NASA's Galileo spacecraft mission at Jupiter has a new project manager, Dr. Eilene Theilig of NASA's Jet Propulsion Laboratory, Pasadena, Calif.
Theilig, 47, has worked on JPL's Galileo team for 11 years and has served as deputy project manager since April 2000. She has supervised teams of engineers responsible for Galileo's health and for commands sent to the long-lived spacecraft, which was launched in 1989. Theilig received two NASA Exceptional Achievement Awards for that team leadership.
Effective Jan. 29, Theilig assumes the project manager post that had been held since 1998 by Jim Erickson, who has become JPL's mission manager for rovers that NASA plans to send to Mars in 2003.
The Galileo spacecraft has been orbiting Jupiter since 1995, adding to knowledge about that giant planet and the surrounding Jovian system.
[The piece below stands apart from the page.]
(* Let $D$ be an integral domain and $\star$ a semistar operation on $D$. The following are equivalent: (i) for every overring $T$ of $D$ and every semistar operation $\star'$ on $T$, $T$ is $(\star,\star')$-linked to $D$; (ii) every overring $T$ of $D$ is $(\star,d_T)$-linked to $D$; (iii) every overring $T$ of $D$ is $t$-linked to $(D,\star)$; (iv) for every valuation overring $V$ of $D$ there is a semistar operation $\ast_V$ on $V$ with $V^{\ast_V}=V$ such that $V$ is $(\star,\ast_V)$-linked to $D$; (v) every maximal ideal of $D$ is a quasi-$\star_f$-maximal ideal; (vi) for every proper ideal $I$ of $D$, $I^{\star_f}\subsetneq D^\star$; (vii) for every proper finitely generated ideal $I$ of $D$, $I^\star\subsetneq D^\star$; (viii) for every proper $\star_f$-invertible ideal $I$ of $D$ (i.e. $(II^{-1})^{\star_f}=D^\star$, where $I^{-1}=(D:_KI)$), $I^{\star_f}\subsetneq D^\star$.
   Context: Let $D$ be an integral domain with quotient field $K$. $\overline{\mathbf F}(D)$ denotes the set of all nonzero $D$-submodules of $K$ and $\mathbf f(D)$ the set of nonzero finitely generated $D$-submodules of $K$. A semistar operation on $D$ is a map $\star:\overline{\mathbf F}(D)\to\overline{\mathbf F}(D)$, $E\mapsto E^\star$, such that for all $0\ne x\in K$ and $E,F\in\overline{\mathbf F}(D)$: (1) $(xE)^\star=xE^\star$; (2) $E\subseteq F\Rightarrow E^\star\subseteq F^\star$; (3) $E\subseteq E^\star$ and $(E^\star)^\star=E^\star$. $\star_f$ is defined by $E^{\star_f}=\bigcup\{F^\star:F\in\mathbf f(D),F\subseteq E\}$. A nonzero ideal $I$ of $D$ is a quasi-$\star$-ideal if $I^\star\cap D=I$; a quasi-$\star$-maximal ideal is a maximal element among proper quasi-$\star$-ideals. An overring of $D$ is a ring $T$ with $D\subseteq T\subseteq K$; semistar operations on $T$ are defined likewise. $d_T$ denotes the identity operation on $T$; $v_T$ is $E\mapsto(T:_K(T:_KE))$ and $t_T:=(v_T)_f$. If $\star'$ is a semistar operation on $T$, $T$ is $(\star,\star')$-linked to $D$ if for every nonzero finitely generated ideal $F\subseteq D$ with $F^\star=D^\star$ one has $(FT)^{\star'}=T^{\star'}$; $T$ is $t$-linked to $(D,\star)$ if it is $(\star,t_T)$-linked to $D$. *)

theory Defs
  imports Main
begin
It will fly close to Callisto, the outermost of Jupiter's four large moons, on May 25. Two flybys of the intensely volcanic moon Io are planned for the second half of 2001.
"I've always been mindful of the long line of people whose efforts have made Galileo a success. The current team continues the tradition of overcoming technical challenges to achieve first-class science," said Theilig. "We still have exciting new science ahead of us."
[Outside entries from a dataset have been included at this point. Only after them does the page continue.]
(* For each $l\in\mathbb N$ there exists a constant $B_l$ such that, for each $j\in\mathbb N$ and all large enough $t$, $$\big|\mathbb E K^{(j)}_t(l)-\mathbb E\mathcal K^{(j)}_{\lfloor t\rfloor}(l)\big|\le B_l;$$ the constant $B_l$ does not depend on $j$.
   Context: Let $(p_k)_{k\in\mathbb N}$ be a probability distribution on $\mathbb N$ with $p_k>0$ for infinitely many $k$. For a word $r=r_1\cdots r_j\in\mathbb N^j$ write $|r|=j$, $p_r:=p_{r_1}\cdots p_{r_j}$; words of length $j$ are the generation-$j$ boxes. Nested Karlin occupancy scheme: balls $1,2,\ldots$ are thrown independently; ball $i$ carries an i.i.d. sequence $\xi_{i,1},\xi_{i,2},\ldots$ with law $(p_k)$ and lies, in generation $j$, in box $\xi_{i,1}\cdots\xi_{i,j}$. $\mathcal K_n^{(j)}(l)$ is the number of generation-$j$ boxes containing at least $l$ of balls $1,\ldots,n$; with $(\pi(t))_{t\ge0}$ a unit-rate Poisson process independent of the balls, $K^{(j)}_t(l):=\mathcal K^{(j)}_{\pi(t)}(l)$. *)

theory Defs
  imports "HOL-Probability.Probability"
begin

text \<open>Ball i carries the i.i.d. sequence (omega i 0, omega i 1, ...) with law p;
  the balls are independent.\<close>

definition ball_space :: "nat pmf \<Rightarrow> (nat \<Rightarrow> nat \<Rightarrow> nat) measure" where
  "ball_space p = PiM UNIV (\<lambda>i::nat. PiM UNIV (\<lambda>k::nat. measure_pmf p))"

text \<open>The generation-j box of ball i is the word xi_{i,1} ... xi_{i,j}.\<close>

definition box :: "(nat \<Rightarrow> nat \<Rightarrow> nat) \<Rightarrow> nat \<Rightarrow> nat \<Rightarrow> nat list" where
  "box \<omega> j i = map (\<omega> i) [0..<j]"

text \<open>Number of generation-j boxes containing at least l of the balls 1..n
  (balls are indexed 0..n-1 here).\<close>

definition occ :: "(nat \<Rightarrow> nat \<Rightarrow> nat) \<Rightarrow> nat \<Rightarrow> nat \<Rightarrow> nat \<Rightarrow> nat" where
  "occ \<omega> j l n = card {r. length r = j \<and> l \<le> card {i. i < n \<and> box \<omega> j i = r}}"

definition EK_fixed :: "nat pmf \<Rightarrow> nat \<Rightarrow> nat \<Rightarrow> nat \<Rightarrow> real" where
  "EK_fixed p j l n = integral\<^sup>L (ball_space p) (\<lambda>\<omega>. real (occ \<omega> j l n))"

text \<open>Expectation of the Poissonized count K_t = count at pi(t), where pi(t) is
  Poisson(t) distributed and independent of the balls.\<close>

definition EK_pois :: "nat pmf \<Rightarrow> nat \<Rightarrow> nat \<Rightarrow> real \<Rightarrow> real" where
  "EK_pois p j l t = integral\<^sup>L (ball_space p \<Otimes>\<^sub>M measure_pmf (poisson_pmf t))
      (\<lambda>(\<omega>, N). real (occ \<omega> j l N))"

end

theory Submission
  imports Defs
begin

text \<open>
  The generation-j boxes of the first n balls are n independent draws of a random word of
  length j. Hence \<open>EK_fixed p j l n = f n\<close> with \<open>f = expected_frequent (replicate_pmf j p) l\<close>,
  the expected number of values occurring at least l times in an i.i.d. sample of size n, and
  \<open>EK_pois p j l t\<close> is the expectation of \<open>f N\<close> for N Poisson with mean t. One more sample point x raises the count exactly when x has already
  occurred l - 1 times, so \<open>f (n + 1) - f n\<close> is an average of binomial probabilities
  P(Bin(n, q) = l - 1): it lies in [0, 1] and changes by at most l / (n + 1) from n to n + 1.
  Expanding f to first order around \<open>n = nat \<lfloor>t\<rfloor>\<close> leaves a remainder of at most
  2 l (N - n)^2 / (n + 1), and E (N - n)^2 = t + (t - n)^2 \<le> 2 (n + 1). This gives the bound
  4 l + 1, uniformly in j and in the law of the words.
\<close>

section \<open>Discrete Taylor bounds\<close>

lemma sum_increments_deviation_le:
  fixes f :: "nat \<Rightarrow> real"
  assumes "a \<le> b" and "\<And>k. a \<le> k \<Longrightarrow> k < b \<Longrightarrow> \<bar>f (Suc k) - f k - D\<bar> \<le> E"
  shows "\<bar>f b - f a - (real b - real a) * D\<bar> \<le> (real b - real a) * E"
proof -
  have "f b - f a - (real b - real a) * D = (\<Sum>k = a..<b. f (Suc k) - f k) - (\<Sum>k = a..<b. D)"
    using assms(1) by (simp add: sum_Suc_diff' of_nat_diff)
  also have "\<dots> = (\<Sum>k = a..<b. f (Suc k) - f k - D)"
    by (rule sum_subtractf[symmetric])
  finally have "\<bar>f b - f a - (real b - real a) * D\<bar> = \<bar>\<Sum>k = a..<b. f (Suc k) - f k - D\<bar>"
    by simp
  also have "\<dots> \<le> (\<Sum>k = a..<b. E)"
    using assms(2) by (intro order_trans[OF sum_abs] sum_mono) auto
  finally show ?thesis using assms(1) by (simp add: of_nat_diff)
qed

lemma increment_deviation_le:
  fixes d :: "nat \<Rightarrow> real"
  assumes "\<And>k. \<bar>d (Suc k) - d k\<bar> \<le> L / (real k + 1)" and "L \<ge> 0" and "a \<le> b"
  shows "\<bar>d b - d a\<bar> \<le> (real b - real a) * (L / (real a + 1))"
proof -
  have step: "\<bar>d (Suc k) - d k - 0\<bar> \<le> L / (real a + 1)" if "a \<le> k" for k
  proof -
    have "L / (real k + 1) \<le> L / (real a + 1)"
      using that \<open>L \<ge> 0\<close> by (intro divide_left_mono) auto
    then show ?thesis using assms(1)[of k] by simp
  qed
  have "\<bar>d b - d a - (real b - real a) * 0\<bar> \<le> (real b - real a) * (L / (real a + 1))"
    by (rule sum_increments_deviation_le[OF \<open>a \<le> b\<close>]) (rule step)
  then show ?thesis by simp
qed

lemma bounded_increment_deviation_le:
  fixes d :: "nat \<Rightarrow> real"
  assumes dd: "\<And>k. \<bar>d (Suc k) - d k\<bar> \<le> L / (real k + 1)" and L: "L \<ge> 1"
    and d01: "\<And>k. d k \<in> {0..1}"
  shows "\<bar>d k - d n\<bar> \<le> 2 * L * \<bar>real k - real n\<bar> / (real n + 1)"
proof (cases "n \<le> k")
  case True
  have "\<bar>d k - d n\<bar> \<le> (real k - real n) * (L / (real n + 1))"
    using increment_deviation_le[OF dd _ True] L by simp
  also have "\<dots> \<le> 2 * L * \<bar>real k - real n\<bar> / (real n + 1)"
    using True L by (simp add: divide_right_mono)
  finally show ?thesis .
next
  case False
  then have dist: "\<bar>real k - real n\<bar> = real n - real k" by simp
  show ?thesis
  proof (cases "real n + 1 \<le> 2 * (real k + 1)")
    case True
    have "\<bar>d n - d k\<bar> \<le> (real n - real k) * (L / (real k + 1))"
      using increment_deviation_le[OF dd] L False by simp
    also have "\<dots> \<le> (real n - real k) * (2 * L / (real n + 1))"
    proof -
      have "L * (real n + 1) \<le> L * (2 * (real k + 1))"
        using True L by (intro mult_left_mono) auto
      then have "L / (real k + 1) \<le> 2 * L / (real n + 1)"
        by (simp add: field_simps)
      then show ?thesis using False by (intro mult_left_mono) auto
    qed
    finally show ?thesis by (simp add: abs_minus_commute dist mult_ac)
  next
    case far: False
    have "\<bar>d k - d n\<bar> \<le> 1" using d01[of k] d01[of n] by auto
    also have "1 \<le> 2 * \<bar>real k - real n\<bar> / (real n + 1)"
      using far by (simp add: dist)
    also have "\<dots> \<le> 2 * L * \<bar>real k - real n\<bar> / (real n + 1)"
      using L by (intro divide_right_mono mult_right_mono) auto
    finally show ?thesis .
  qed
qed

lemma first_order_remainder_le:
  fixes f :: "nat \<Rightarrow> real"
  assumes dd: "\<And>k. \<bar>(f (Suc (Suc k)) - f (Suc k)) - (f (Suc k) - f k)\<bar> \<le> L / (real k + 1)"
    and L: "L \<ge> 1" and inc: "\<And>k. f (Suc k) - f k \<in> {0..1}"
  shows "\<bar>f N - f n - (real N - real n) * (f (Suc n) - f n)\<bar> \<le> 2 * L * (real N - real n)^2 / (real n + 1)"
proof -
  define d where "d k = f (Suc k) - f k" for k
  define E where "E = 2 * L * \<bar>real N - real n\<bar> / (real n + 1)"
  have dd': "\<bar>d (Suc k) - d k\<bar> \<le> L / (real k + 1)" for k
    using dd[of k] by (simp add: d_def)
  have inc': "d k \<in> {0..1}" for k
    using inc[of k] by (simp add: d_def)
  have near: "\<bar>f (Suc k) - f k - d n\<bar> \<le> E" if "\<bar>real k - real n\<bar> \<le> \<bar>real N - real n\<bar>" for k
  proof -
    have "\<bar>d k - d n\<bar> \<le> 2 * L * \<bar>real k - real n\<bar> / (real n + 1)"
      by (rule bounded_increment_deviation_le[OF dd' L inc'])
    also have "\<dots> \<le> E"
      unfolding E_def using that L by (intro divide_right_mono mult_left_mono) auto
    finally show ?thesis by (simp add: d_def)
  qed
  have "\<bar>f N - f n - (real N - real n) * d n\<bar> \<le> \<bar>real N - real n\<bar> * E"
  proof (cases "n \<le> N")
    case True
    have "\<bar>f N - f n - (real N - real n) * d n\<bar> \<le> (real N - real n) * E"
      using True by (rule sum_increments_deviation_le[of n N f "d n" E]) (intro near; simp)
    then show ?thesis using True by simp
  next
    case False
    have "\<bar>f n - f N - (real n - real N) * d n\<bar> \<le> (real n - real N) * E"
      using False by (intro sum_increments_deviation_le[of N n f "d n" E] near) auto
    moreover have "f N - f n - (real N - real n) * d n = - (f n - f N - (real n - real N) * d n)"
      by (simp add: algebra_simps)
    ultimately show ?thesis using False by (simp only: abs_minus_cancel) simp
  qed
  also have "\<bar>real N - real n\<bar> * E = 2 * L * \<bar>real N - real n\<bar>^2 / (real n + 1)"
    by (simp add: E_def power2_eq_square)
  finally show ?thesis by (simp add: d_def)
qed

section \<open>Poisson smoothing\<close>

lemma expectation_pmf_nat_sums:
  fixes M :: "nat pmf" and g :: "nat \<Rightarrow> real"
  assumes "\<And>N. 0 \<le> g N" and "(\<lambda>N. pmf M N * g N) sums s"
  shows "integrable M g" and "measure_pmf.expectation M g = s"
proof -
  have summable: "summable (\<lambda>N. norm (pmf M N * g N))"
    using assms by (simp add: sums_iff abs_of_nonneg)
  then show "integrable M g"
    unfolding measure_pmf_eq_density
    by (subst integrable_density) (auto simp: integrable_count_space_nat_iff)
  have "measure_pmf.expectation M g = (\<integral>N. pmf M N * g N \<partial>count_space UNIV)"
    unfolding measure_pmf_eq_density by (subst integral_density) auto
  also have "\<dots> = s"
    using summable assms(2)
    by (subst integral_count_space_nat) (auto simp: integrable_count_space_nat_iff sums_iff)
  finally show "measure_pmf.expectation M g = s" .
qed

lemma pmf_poisson_Suc_mult:
  assumes "t > 0"
  shows "pmf (poisson_pmf t) (Suc m) * real (Suc m) = t * pmf (poisson_pmf t) m"
proof -
  have "fact (Suc m) = real (Suc m) * (fact m :: real)" by simp
  moreover have "real (Suc m) \<noteq> 0" "(fact m :: real) \<noteq> 0" by auto
  ultimately show ?thesis using assms by (simp only: pmf_poisson) (simp add: divide_simps)
qed

lemma poisson_pmf_sums:
  assumes t: "t > 0"
  shows "(\<lambda>N. pmf (poisson_pmf t) N) sums 1"
    and "(\<lambda>N. pmf (poisson_pmf t) N * real N) sums t"
    and "(\<lambda>N. pmf (poisson_pmf t) N * real N ^ 2) sums (t^2 + t)"
proof -
  have "(\<lambda>N. t ^ N / fact N) sums exp t"
    using exp_converges[of t] by (simp add: divide_inverse mult.commute)
  from sums_mult2[OF this, of "exp (- t)"]
  show mass: "(\<lambda>N. pmf (poisson_pmf t) N) sums 1"
    by (simp add: pmf_poisson[OF t] exp_minus_inverse)
  have "(\<lambda>m. pmf (poisson_pmf t) (Suc m) * real (Suc m)) sums (t * 1)"
    unfolding pmf_poisson_Suc_mult[OF t] by (intro sums_mult mass)
  then show mean: "(\<lambda>N. pmf (poisson_pmf t) N * real N) sums t"
    by (subst (asm) sums_Suc_iff) simp
  have "(\<lambda>m. t * (pmf (poisson_pmf t) m * real m + pmf (poisson_pmf t) m)) sums (t * (t + 1))"
    by (intro sums_mult sums_add mean mass)
  moreover have "pmf (poisson_pmf t) (Suc m) * real (Suc m) * real (Suc m)
      = t * (pmf (poisson_pmf t) m * real m + pmf (poisson_pmf t) m)" for m
    by (simp only: pmf_poisson_Suc_mult[OF t]) (simp add: algebra_simps)
  ultimately have "(\<lambda>m. pmf (poisson_pmf t) (Suc m) * real (Suc m) * real (Suc m)) sums (t * (t + 1))"
    by simp
  then show "(\<lambda>N. pmf (poisson_pmf t) N * real N ^ 2) sums (t^2 + t)"
    by (subst (asm) sums_Suc_iff) (simp add: power2_eq_square algebra_simps)
qed

lemma poisson_pmf_mean:
  assumes "t > 0"
  shows "integrable (poisson_pmf t) real" and "measure_pmf.expectation (poisson_pmf t) real = t"
  using expectation_pmf_nat_sums[of real] poisson_pmf_sums(2)[OF assms] by auto

lemma poisson_pmf_sq_deviation:
  assumes t: "t > 0"
  shows "integrable (poisson_pmf t) (\<lambda>N. (real N - c)^2)"
    and "measure_pmf.expectation (poisson_pmf t) (\<lambda>N. (real N - c)^2) = t + (t - c)^2"
proof -
  note sums = poisson_pmf_sums[OF t]
  have "(\<lambda>N. pmf (poisson_pmf t) N * real N ^ 2 - 2 * c * (pmf (poisson_pmf t) N * real N)
           + c^2 * pmf (poisson_pmf t) N) sums (t^2 + t - 2 * c * t + c^2 * 1)"
    by (intro sums_add sums_diff sums_mult sums)
  then have "(\<lambda>N. pmf (poisson_pmf t) N * (real N - c)^2) sums (t + (t - c)^2)"
    by (simp add: power2_eq_square algebra_simps)
  then show "integrable (poisson_pmf t) (\<lambda>N. (real N - c)^2)"
    and "measure_pmf.expectation (poisson_pmf t) (\<lambda>N. (real N - c)^2) = t + (t - c)^2"
    using expectation_pmf_nat_sums[of "\<lambda>N. (real N - c)^2"] by auto
qed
A native of Houston, Theilig chose geology as her major at the University of Texas, Austin, partly because of the appeal of outdoor fieldwork. Two of her professors were involved in NASA projects studying the Moon and Mars, so before graduating in 1976, she was already participating in research about channels on Mars. That summer, through a NASA- sponsored internship, she was at JPL assisting the Viking imaging team when the Viking 1 lander set down on Mars. The thrill hooked her.
She directed herself toward a career in solar system exploration by earning a Ph.D. in geology with a concentration in planetary studies from Arizona State University, Tempe, in 1986. While there, she published research about the geological history of Mars. She returned to JPL in 1987 as a National Research Council associate, investigating lava flows on Earth to aid interpretation of the NASA Magellan spacecraft's radar imaging of lava flows on Venus.
Seeking more active participation in mission operations, Theilig joined the Galileo project seven months before the spacecraft was launched on Oct. 18, 1989, aboard the Space Shuttle Atlantis. Since that time, she has been involved in the mission's scientifically rich encounters from early planning stages through sending commands to the spacecraft.
Theilig lives in Monrovia, Calif. She is a member of Phi Beta Kappa, an avid hiker and an active member of her church.
Through mission extensions, Galileo has already served more than twice as long in orbit as its original two-year mission, and it has withstood more than three times the amount of radiation, from time spent in Jupiter's radiation belts, as it was designed for. More information is available online at http://galileo.jpl.nasa.gov .
JPL, a division of the California Institute of Technology in Pasadena, manages Galileo for NASA's Office of Space Science, Washington, D.C.